### What to do
Return copies of the lines below that mention "shows".

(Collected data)
_____

lemma perron_power_dominant_eigenvalue:
  fixes A :: "real mat"
  assumes A: "A \<in> carrier_mat n n" and x: "perron_eigenvector n (A ^\<^sub>m k) \<rho> x"
    and x0: "x \<noteq> 0\<^sub>v n" and Ax: "A *\<^sub>v x = c \<cdot>\<^sub>v x" and c: "c > 0"
  shows "\<And>\<mu>. eigenvalue (map_mat complex_of_real A) \<mu> \<Longrightarrow> \<mu> \<noteq> complex_of_real c \<Longrightarrow> cmod \<mu> < c"
    and "\<And>v. v \<in> carrier_vec n \<Longrightarrow> map_mat complex_of_real A *\<^sub>v v = complex_of_real c \<cdot>\<^sub>v v
      \<Longrightarrow> \<exists>a. v = a \<cdot>\<^sub>v map_vec complex_of_real x"
proof -
  define Ac where "Ac = map_mat complex_of_real A"
  have Ac: "Ac \<in> carrier_mat n n" using A by (simp add: Ac_def)
  have Ac_pow: "map_mat complex_of_real (A ^\<^sub>m k) = Ac ^\<^sub>m k"
    unfolding Ac_def by (rule of_real_hom.mat_hom_pow[OF A])
  have \<rho>: "\<rho> = c ^ k" using perron_eigenvector_pow_eigenvalue[OF A x x0 Ax] by simp
  have x_c: "map_vec complex_of_real x \<in> carrier_vec n"
    "Ac *\<^sub>v map_vec complex_of_real x = complex_of_real c \<cdot>\<^sub>v map_vec complex_of_real x"
    using of_real_mult_mat_vec_eigen[OF A perron_eigenvectorD(1)[OF x] Ax] perron_eigenvectorD(1)[OF x]
    by (simp_all add: Ac_def)
  text \<open>An eigenvector of \<open>A\<close> for \<open>\<mu>\<close> is one of \<open>A ^ k\<close> for \<open>\<mu> ^ k\<close>; if \<open>|\<mu>| \<ge> c\<close> it is
    therefore peripheral for \<open>A ^ k\<close>, hence a multiple of \<open>x\<close>.\<close>
  have span: "\<exists>a. v = a \<cdot>\<^sub>v map_vec complex_of_real x" "\<mu> = complex_of_real c"
    if v: "v \<in> carrier_vec n" "v \<noteq> 0\<^sub>v n" "Ac *\<^sub>v v = \<mu> \<cdot>\<^sub>v v" and \<mu>: "cmod \<mu> \<ge> c" for v \<mu>
  proof -
    have "eigenvector Ac v \<mu>" using v Ac by (simp add: eigenvector_def)
    from eigenvector_pow[OF Ac this, of k]
    have pow: "map_mat complex_of_real (A ^\<^sub>m k) *\<^sub>v v = \<mu> ^ k \<cdot>\<^sub>v v" by (simp add: Ac_pow)
    have "\<rho> \<le> cmod (\<mu> ^ k)" using \<mu> c by (simp add: \<rho> norm_power power_mono)
    with perron_eigenvectorD(3)[OF x v(1,2) pow] have "cmod (\<mu> ^ k) = \<rho>" by simp
    from perron_eigenvectorD(5)[OF x v(1,2) pow this]
    show "\<exists>a. v = a \<cdot>\<^sub>v map_vec complex_of_real x" .
    then obtain a where "v = a \<cdot>\<^sub>v map_vec complex_of_real x" by blast
    with x_c Ac have "Ac *\<^sub>v v = complex_of_real c \<cdot>\<^sub>v v"
      by (simp add: mult_mat_vec smult_smult_assoc mult.commute)
    with v(3) have "\<mu> \<cdot>\<^sub>v v = complex_of_real c \<cdot>\<^sub>v v" by simp
    then show "\<mu> = complex_of_real c" by (rule smult_vec_right_cancel[OF v(1,2)])
  qed
  show "cmod \<mu> < c"
    if ev: "eigenvalue (map_mat complex_of_real A) \<mu>" and ne: "\<mu> \<noteq> complex_of_real c" for \<mu>
  proof (rule ccontr)
    assume "\<not> cmod \<mu> < c"
    moreover obtain v where "eigenvector Ac v \<mu>"
      using ev by (auto simp: Ac_def eigenvalue_def)
    hence "v \<in> carrier_vec n" "v \<noteq> 0\<^sub>v n" "Ac *\<^sub>v v = \<mu> \<cdot>\<^sub>v v"
      using Ac by (simp_all add: eigenvector_def)
    ultimately show False using span(2) ne by simp
  qed
  show "\<exists>a. v = a \<cdot>\<^sub>v map_vec complex_of_real x"
    if "v \<in> carrier_vec n" "map_mat complex_of_real A *\<^sub>v v = complex_of_real c \<cdot>\<^sub>v v" for v
  proof (cases "v = 0\<^sub>v n")
    case True
    then show ?thesis using x_c by (intro exI[of _ 0]) auto
  next
    case False
    with that span(1)[of v "complex_of_real c"] c show ?thesis by (simp add: Ac_def)
  qed
qed
lemma multilinear_at_sum_factorization:
  fixes c :: "nat set \<Rightarrow> 'r::comm_ring_1"
  assumes deg: "\<And>S. S \<subseteq> {0..<n} \<Longrightarrow> c S \<noteq> 0 \<Longrightarrow> card S \<le> d"
  obtains \<phi> \<psi> :: "nat set + nat set \<Rightarrow> (nat \<Rightarrow> 'r) \<Rightarrow> 'r" where
    "\<And>a b. (\<Sum>S\<in>Pow {0..<n}. c S * (\<Prod>i\<in>S. a i + b i)) =
      (\<Sum>k\<in>small_subsets n (d div 2) <+> small_subsets n (d div 2). \<phi> k a * \<psi> k b)"
proof -
  let ?I = "small_subsets n (d div 2)"
  define J where "J = {(S, T). S \<subseteq> {0..<n} \<and> T \<subseteq> S \<and> c S \<noteq> 0}"
  \<comment> \<open>The term for (S, T) is filed under its a-part T if that is small, and otherwise under its
    b-part S - T, which is then small because card S \<le> d.\<close>
  define key :: "nat set \<times> nat set \<Rightarrow> nat set + nat set" where
    "key = (\<lambda>(S, T). if card T \<le> d div 2 then Inl T else Inr (S - T))"
  define \<phi> :: "nat set + nat set \<Rightarrow> (nat \<Rightarrow> 'r) \<Rightarrow> 'r" where
    "\<phi> = case_sum (\<lambda>U a. \<Prod>i\<in>U. a i)
                   (\<lambda>W a. \<Sum>(S, T)\<in>{j\<in>J. key j = Inr W}. c S * (\<Prod>i\<in>T. a i))"
  define \<psi> :: "nat set + nat set \<Rightarrow> (nat \<Rightarrow> 'r) \<Rightarrow> 'r" where
    "\<psi> = case_sum (\<lambda>U b. \<Sum>(S, T)\<in>{j\<in>J. key j = Inl U}. c S * (\<Prod>i\<in>S - T. b i))
                   (\<lambda>W b. \<Prod>i\<in>W. b i)"
  have finite_pairs: "finite (Sigma (Pow {0..<n}) Pow)"
    by (rule finite_SigmaI) (auto intro: finite_subset)
  have finite_J: "finite J"
    by (rule finite_subset[OF _ finite_pairs]) (auto simp: J_def)
  have key_J: "key ` J \<subseteq> ?I <+> ?I"
  proof safe
    fix S T assume "(S, T) \<in> J"
    then have "S \<subseteq> {0..<n}" "T \<subseteq> S" "card S \<le> d"
      using deg by (auto simp: J_def)
    moreover have "card (S - T) = card S - card T"
      using \<open>S \<subseteq> {0..<n}\<close> \<open>T \<subseteq> S\<close> by (meson card_Diff_subset finite_atLeastLessThan finite_subset)
    ultimately show "key (S, T) \<in> ?I <+> ?I"
      by (auto simp: key_def small_subsets_def)
  qed
  have "(\<Sum>S\<in>Pow {0..<n}. c S * (\<Prod>i\<in>S. a i + b i)) = (\<Sum>k\<in>?I <+> ?I. \<phi> k a * \<psi> k b)" for a b
  proof -
    define t where "t = (\<lambda>S T. c S * ((\<Prod>i\<in>T. a i) * (\<Prod>i\<in>S - T. b i)))"
    have "(\<Sum>S\<in>Pow {0..<n}. c S * (\<Prod>i\<in>S. a i + b i)) = (\<Sum>S\<in>Pow {0..<n}. \<Sum>T\<in>Pow S. t S T)"
    proof (rule sum.cong[OF refl])
      fix S assume "S \<in> Pow {0..<n}"
      then have "finite S" by (auto intro: finite_subset)
      then show "c S * (\<Prod>i\<in>S. a i + b i) = (\<Sum>T\<in>Pow S. t S T)"
        by (simp add: t_def prod_add sum_distrib_left)
    qed
    also have "\<dots> = sum (case_prod t) (Sigma (Pow {0..<n}) Pow)"
      by (rule sum.Sigma) (auto intro: finite_subset)
    also have "\<dots> = sum (case_prod t) J"
      using finite_pairs by (intro sum.mono_neutral_right) (auto simp: J_def t_def)
    also have "\<dots> = (\<Sum>k\<in>?I <+> ?I. sum (case_prod t) {j\<in>J. key j = k})"
      using finite_small_subsets by (intro sum.group[OF finite_J _ key_J, symmetric]) simp
    also have "\<dots> = (\<Sum>k\<in>?I <+> ?I. \<phi> k a * \<psi> k b)"
    proof (intro sum.cong refl)
      fix k show "sum (case_prod t) {j\<in>J. key j = k} = \<phi> k a * \<psi> k b"
      proof (cases k)
        case (Inl U)
        have "sum (case_prod t) {j\<in>J. key j = k} = (\<Sum>(S, T)\<in>{j\<in>J. key j = k}. (\<Prod>i\<in>U. a i) * (c S * (\<Prod>i\<in>S - T. b i)))"
          by (intro sum.cong) (auto simp: t_def key_def Inl split: if_splits)
        then show ?thesis
          by (simp add: Inl \<phi>_def \<psi>_def sum_distrib_left case_prod_beta)
      next
        case (Inr W)
        have "sum (case_prod t) {j\<in>J. key j = k} = (\<Sum>(S, T)\<in>{j\<in>J. key j = k}. c S * (\<Prod>i\<in>T. a i) * (\<Prod>i\<in>W. b i))"
          by (intro sum.cong) (auto simp: t_def key_def Inr mult.assoc split: if_splits)
        then show ?thesis
          by (simp add: Inr \<phi>_def \<psi>_def sum_distrib_right case_prod_beta)
      qed
    qed
    finally show ?thesis .
  qed
  then show thesis by (rule that)
qed
lemma num_inf_components_le_if_map:
  assumes "finite X" and "generates X" and "F \<subseteq> G" and "finite G"
    and push: "\<And>p q. (p, q) \<in> (cayley_edges_minus X G)\<^sup>* \<Longrightarrow>
      (f p, f q) \<in> (cayley_edges_minus Y F')\<^sup>*"
    and reflect: "\<And>x y. x \<notin> G \<Longrightarrow> y \<notin> G \<Longrightarrow> (f x, f y) \<in> (cayley_edges_minus Y F')\<^sup>* \<Longrightarrow>
      (x, y) \<in> (cayley_edges_minus X F)\<^sup>*"
    and outside: "\<And>x. x \<notin> G \<Longrightarrow> f x \<notin> F'"
    and fibres: "\<And>S. finite S \<Longrightarrow> finite (f -` S)"
  shows "num_inf_components X F \<le> num_inf_components Y F'"
proof -
  define SM where "SM = {C \<in> components_minus X F. infinite C}"
  define SN where "SN = {C \<in> components_minus Y F'. infinite C}"
  define rep where "rep C = (SOME x. x \<in> C \<and> x \<notin> G \<and> infinite (cayley_component X G x))" for C
  define phi where "phi C = cayley_component Y F' (f (rep C))" for C
  have rep: "rep C \<in> C" "rep C \<notin> G" "infinite (cayley_component X G (rep C))" if "C \<in> SM" for C
  proof -
    have "\<exists>x. x \<in> C \<and> x \<notin> G \<and> infinite (cayley_component X G x)"
      using infinite_component_refine[OF assms(1-4)] that unfolding SM_def by blast
    from someI_ex[OF this] show "rep C \<in> C" "rep C \<notin> G" "infinite (cayley_component X G (rep C))"
      unfolding rep_def by auto
  qed
  have phi_SN: "phi C \<in> SN" if "C \<in> SM" for C
  proof -
    have "phi C \<in> components_minus Y F'"
      unfolding phi_def components_minus_iff using outside rep(2)[OF that] by blast
    moreover have "infinite (f ` cayley_component X G (rep C))"
    proof
      assume "finite (f ` cayley_component X G (rep C))"
      then have "finite (f -` f ` cayley_component X G (rep C))"
        by (rule fibres)
      then have "finite (cayley_component X G (rep C))"
        by (rule finite_subset[rotated]) blast
      then show False
        using rep(3)[OF that] by contradiction
    qed
    moreover have "f ` cayley_component X G (rep C) \<subseteq> phi C"
      unfolding phi_def cayley_component_def using push by blast
    ultimately show ?thesis
      unfolding SN_def using infinite_super[of "f ` cayley_component X G (rep C)"] by auto
  qed
  have component_rep: "C = cayley_component X F (rep C)" if "C \<in> SM" for C
  proof -
    obtain m where C: "C = cayley_component X F m"
      using \<open>C \<in> SM\<close> unfolding SM_def components_minus_iff by blast
    then have "rep C \<in> cayley_component X F m"
      using rep(1)[OF \<open>C \<in> SM\<close>] by simp
    from cayley_component_eq_if_mem[OF this] show ?thesis
      using C by simp
  qed
  have "inj_on phi SM"
  proof (rule inj_onI)
    fix C1 C2
    assume C: "C1 \<in> SM" "C2 \<in> SM" "phi C1 = phi C2"
    then have "f (rep C2) \<in> phi C1"
      using cayley_component_self unfolding phi_def by metis
    then have "(f (rep C1), f (rep C2)) \<in> (cayley_edges_minus Y F')\<^sup>*"
      unfolding phi_def cayley_component_def by simp
    then have "(rep C1, rep C2) \<in> (cayley_edges_minus X F)\<^sup>*"
      by (rule reflect[OF rep(2)[OF C(1)] rep(2)[OF C(2)]])
    then show "C1 = C2"
      using component_rep[OF C(1)] component_rep[OF C(2)] cayley_component_eq by metis
  qed
  moreover have "finite SM"
    unfolding SM_def using finite_components_minus[OF assms(1,2) finite_subset[OF assms(3,4)]] by simp
  ultimately show ?thesis
    unfolding num_inf_components_def Let_def SM_def[symmetric] SN_def[symmetric]
    using card_inj_on_le[of phi SM SN] phi_SN by auto
qed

_____

### Answer to this task
  shows "\<And>\<mu>. eigenvalue (map_mat complex_of_real A) \<mu> \<Longrightarrow> \<mu> \<noteq> complex_of_real c \<Longrightarrow> cmod \<mu> < c"
  shows "num_inf_components X F \<le> num_inf_components Y F'"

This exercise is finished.